Sheila Warren: Oh my goodness. And there's so many great choices. I've been listening to a lot of seventies protest rock with my kids lately, and we've been talking about like Kent State and the Vietnam War and all this kind of thing. But I've had a song in my head for the last two weeks, um, which I don't think is that well known. It's by a band called System of A Down. They were a huge band, um, in the United States in like the nineties. And it's a song called B Y O B. And B Y O B stands for Bring Your Own Bombs. But they don't say that. Uh, and there's a line in it that, uh, they repeat over. It's kind of a metal song. So it's probably surprise people that I listen to this kinda music, but I love this kinda music.

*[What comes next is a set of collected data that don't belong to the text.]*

(* hop s c is the symmetric operator X + X^dagger, where X moves the coefficient at (n + s, m - 1)
   to (n, m) with the real weight c n m; for c n m = sqrt ((n+1)...(n+s) m) it is
   a^s b^dagger + (a^dagger)^s b. *)

definition hop :: "nat \<Rightarrow> (nat \<Rightarrow> nat \<Rightarrow> real) \<Rightarrow> state \<Rightarrow> state" where
  "hop s c \<psi> = (\<lambda>(n, m). (if m = 0 then 0 else of_real (c n m) * \<psi> (n + s, m - 1))
                        + (if s \<le> n then of_real (c (n - s) (m + 1)) * \<psi> (n - s, m + 1) else 0))"

definition opA :: "nat \<Rightarrow> real \<Rightarrow> state \<Rightarrow> state" where
  "opA k \<kappa> \<psi> = (\<lambda>p. - \<i> * hop k (\<lambda>n m. sqrt (pochhammer (real n + 1) k * real m)) \<psi> p
                      - of_real (\<kappa> / 2 * real (snd p)) * \<psi> p)"

definition opB :: "nat \<Rightarrow> real \<Rightarrow> state \<Rightarrow> state" where
  "opB k \<alpha> \<psi> = (\<lambda>p. \<i> * of_real (\<alpha> ^ k) * hop 0 (\<lambda>_ m. sqrt (real m)) \<psi> p)"

lemma opG_eq_opA_plus_opB: "opG k \<alpha> \<kappa> \<psi> = (\<lambda>p. opA k \<kappa> \<psi> p + opB k \<alpha> \<psi> p)"
proof
  fix p :: "nat \<times> nat"
  obtain n m where p: "p = (n, m)" by fastforce
  have "cre_b (ann_b \<psi>) (n, m) = of_real (real m) * \<psi> (n, m)"
    by (auto simp: cre_b_def ann_b_def simp flip: of_real_mult)
  then show "opG k \<alpha> \<kappa> \<psi> p = opA k \<kappa> \<psi> p + opB k \<alpha> \<psi> p"
    unfolding p opG_def opL_def opLdag_def ann_a_pow cre_a_pow
    by (simp add: opA_def opB_def hop_def cre_b_def ann_b_def real_sqrt_mult algebra_simps
        split: if_splits)
qed

lemma shift_reindex:
  fixes f :: "nat \<times> nat \<Rightarrow> 'b::{topological_comm_monoid_add, t2_space}"
  shows "(\<lambda>(n, m). if s \<le> n then f (n - s, m + 1) else 0) summable_on UNIV
           \<longleftrightarrow> (\<lambda>(n, m). if m = 0 then 0 else f (n, m)) summable_on UNIV"
    and "(\<Sum>\<^sub>\<infinity>(n, m). if s \<le> n then f (n - s, m + 1) else 0)
           = (\<Sum>\<^sub>\<infinity>(n, m). if m = 0 then 0 else f (n, m))"
proof -
  let ?g = "\<lambda>(n, m). if s \<le> n then f (n - s, m + 1) else 0"
  let ?h = "\<lambda>(n, m). if m = 0 then 0 else f (n, m)"
  let ?A = "{p :: nat \<times> nat. s \<le> fst p}" and ?B = "{p :: nat \<times> nat. 1 \<le> snd p}"
  have bij: "bij_betw (\<lambda>(n, m). (n - s, m + 1)) ?A ?B"
    by (rule bij_betw_byWitness[of _ "\<lambda>p. (fst p + s, snd p - 1)"]) auto
  have g: "?g p = ?h ((\<lambda>(n, m). (n - s, m + 1)) p)" if "p \<in> ?A" for p
    using that by (auto simp: case_prod_unfold)
  have "?g summable_on UNIV \<longleftrightarrow> ?g summable_on ?A"
    by (rule summable_on_cong_neutral) (auto simp: case_prod_unfold)
  also have "\<dots> \<longleftrightarrow> (\<lambda>p. ?h ((\<lambda>(n, m). (n - s, m + 1)) p)) summable_on ?A"
    by (rule summable_on_cong) (use g in auto)
  also have "\<dots> \<longleftrightarrow> ?h summable_on ?B"
    by (rule summable_on_reindex_bij_betw[OF bij])
  also have "\<dots> \<longleftrightarrow> ?h summable_on UNIV"
    by (rule summable_on_cong_neutral) (auto simp: case_prod_unfold)
  finally show "?g summable_on UNIV \<longleftrightarrow> ?h summable_on UNIV" .
  have "infsum ?g UNIV = infsum ?g ?A"
    by (rule infsum_cong_neutral) (auto simp: case_prod_unfold)
  also have "\<dots> = infsum (\<lambda>p. ?h ((\<lambda>(n, m). (n - s, m + 1)) p)) ?A"
    by (rule infsum_cong) (use g in auto)
  also have "\<dots> = infsum ?h ?B"
    by (rule infsum_reindex_bij_betw[OF bij])
  also have "\<dots> = infsum ?h UNIV"
    by (rule infsum_cong_neutral) (auto simp: case_prod_unfold)
  finally show "infsum ?g UNIV = infsum ?h UNIV" .
qed

lemma hop_inner:
  assumes \<psi>: "in_H \<psi>"
    and w: "(\<lambda>(n, m). (if s \<le> n then (c (n - s) (m + 1))\<^sup>2 else 0) * (cmod (\<psi> (n, m)))\<^sup>2) summable_on UNIV"
  shows "(\<lambda>p. cnj (\<psi> p) * hop s c \<psi> p) summable_on UNIV"
    and "Im (\<Sum>\<^sub>\<infinity>p. cnj (\<psi> p) * hop s c \<psi> p) = 0"
proof -
  define X where
    "X = (\<lambda>(n, m). if m = 0 then 0 else cnj (\<psi> (n, m)) * of_real (c n m) * \<psi> (n + s, m - 1))"
  define V where "V = (\<lambda>(n, m). if m = 0 then 0 else (c n m)\<^sup>2 * (cmod (\<psi> (n + s, m - 1)))\<^sup>2)"
  define f where "f p = (c (fst p) (snd p))\<^sup>2 * (cmod (\<psi> (fst p + s, snd p - 1)))\<^sup>2" for p
  have "(\<lambda>(n, m). if s \<le> n then f (n - s, m + 1) else 0)
      = (\<lambda>(n, m). (if s \<le> n then (c (n - s) (m + 1))\<^sup>2 else 0) * (cmod (\<psi> (n, m)))\<^sup>2)"
    by (auto simp: fun_eq_iff f_def)
  moreover have "(\<lambda>(n, m). if m = 0 then 0 else f (n, m)) = V"
    by (auto simp: fun_eq_iff f_def V_def)
  ultimately have "V summable_on UNIV"
    using shift_reindex(1)[of s f] w by simp
  then have "(\<lambda>p. (cmod (\<psi> p))\<^sup>2 + V p) summable_on UNIV"
    using \<psi> by (intro summable_on_add) (auto simp: in_H_def)
  then have "(\<lambda>p. norm (X p)) summable_on UNIV"
  proof (rule summable_on_comparison_test)
    fix p :: "nat \<times> nat"
    obtain n m where p: "p = (n, m)" by fastforce
    have "cmod (\<psi> (n, m)) * (\<bar>c n m\<bar> * cmod (\<psi> (n + s, m - 1)))
        \<le> (cmod (\<psi> (n, m)))\<^sup>2 + (\<bar>c n m\<bar> * cmod (\<psi> (n + s, m - 1)))\<^sup>2"
      by (rule mult_le_sum_squares) simp_all
    then show "norm (X p) \<le> (cmod (\<psi> p))\<^sup>2 + V p"
      by (simp add: p X_def V_def norm_mult power_mult_distrib mult.assoc)
  qed auto
  then have X: "X summable_on UNIV" by (rule abs_summable_summable)
  have hop_eq: "(\<lambda>p. cnj (\<psi> p) * hop s c \<psi> p)
      = (\<lambda>p. X p + (case p of (n, m) \<Rightarrow> if s \<le> n then cnj (X (n - s, m + 1)) else 0))"
    by (auto simp: fun_eq_iff hop_def X_def algebra_simps)
  have cnj_X: "(\<lambda>(n, m). if m = 0 then 0 else cnj (X (n, m))) = (\<lambda>p. cnj (X p))"
    by (auto simp: fun_eq_iff X_def)
  have Y: "(\<lambda>(n, m). if s \<le> n then cnj (X (n - s, m + 1)) else 0) summable_on UNIV"
    using shift_reindex(1)[of s "\<lambda>p. cnj (X p)"] X by (simp add: cnj_X)
  show "(\<lambda>p. cnj (\<psi> p) * hop s c \<psi> p) summable_on UNIV"
    unfolding hop_eq by (intro summable_on_add X Y)
  have "(\<Sum>\<^sub>\<infinity>(n, m). if s \<le> n then cnj (X (n - s, m + 1)) else 0) = cnj (infsum X UNIV)"
    using shift_reindex(2)[of s "\<lambda>p. cnj (X p)"] by (simp add: cnj_X)
  then have "(\<Sum>\<^sub>\<infinity>p. cnj (\<psi> p) * hop s c \<psi> p) = infsum X UNIV + cnj (infsum X UNIV)"
    unfolding hop_eq by (simp add: infsum_add[OF X Y])
  then show "Im (\<Sum>\<^sub>\<infinity>p. cnj (\<psi> p) * hop s c \<psi> p) = 0" by simp
qed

There's a line in it says, why don't presidents fight the war? Why do they always send the poor? And the lead singer just says it over and over and over again. And I've just had that, I've been waking up with that in my head for, I don't know exactly why. Clearly I'm working something out, but I've just been thinking so much about how our systems, all of our systems, right, they just, they just leave so many behind our political system, our technological systems, our financial systems. And I think that is such a shame and such a tragedy. So that's a song that it's also just like got a great beat and it really pumps me up. So I've listened to that a lot lately. So that's my answer.
Walter Jennings: Well, thank you Sheila Warren, the CEO of the Crypto Council for innovation. It's been great having you on Waves in the Finoverse. We really appreciate it. Thank you so much.
Sheila Warren: Thank you, Walter. It's great to be here.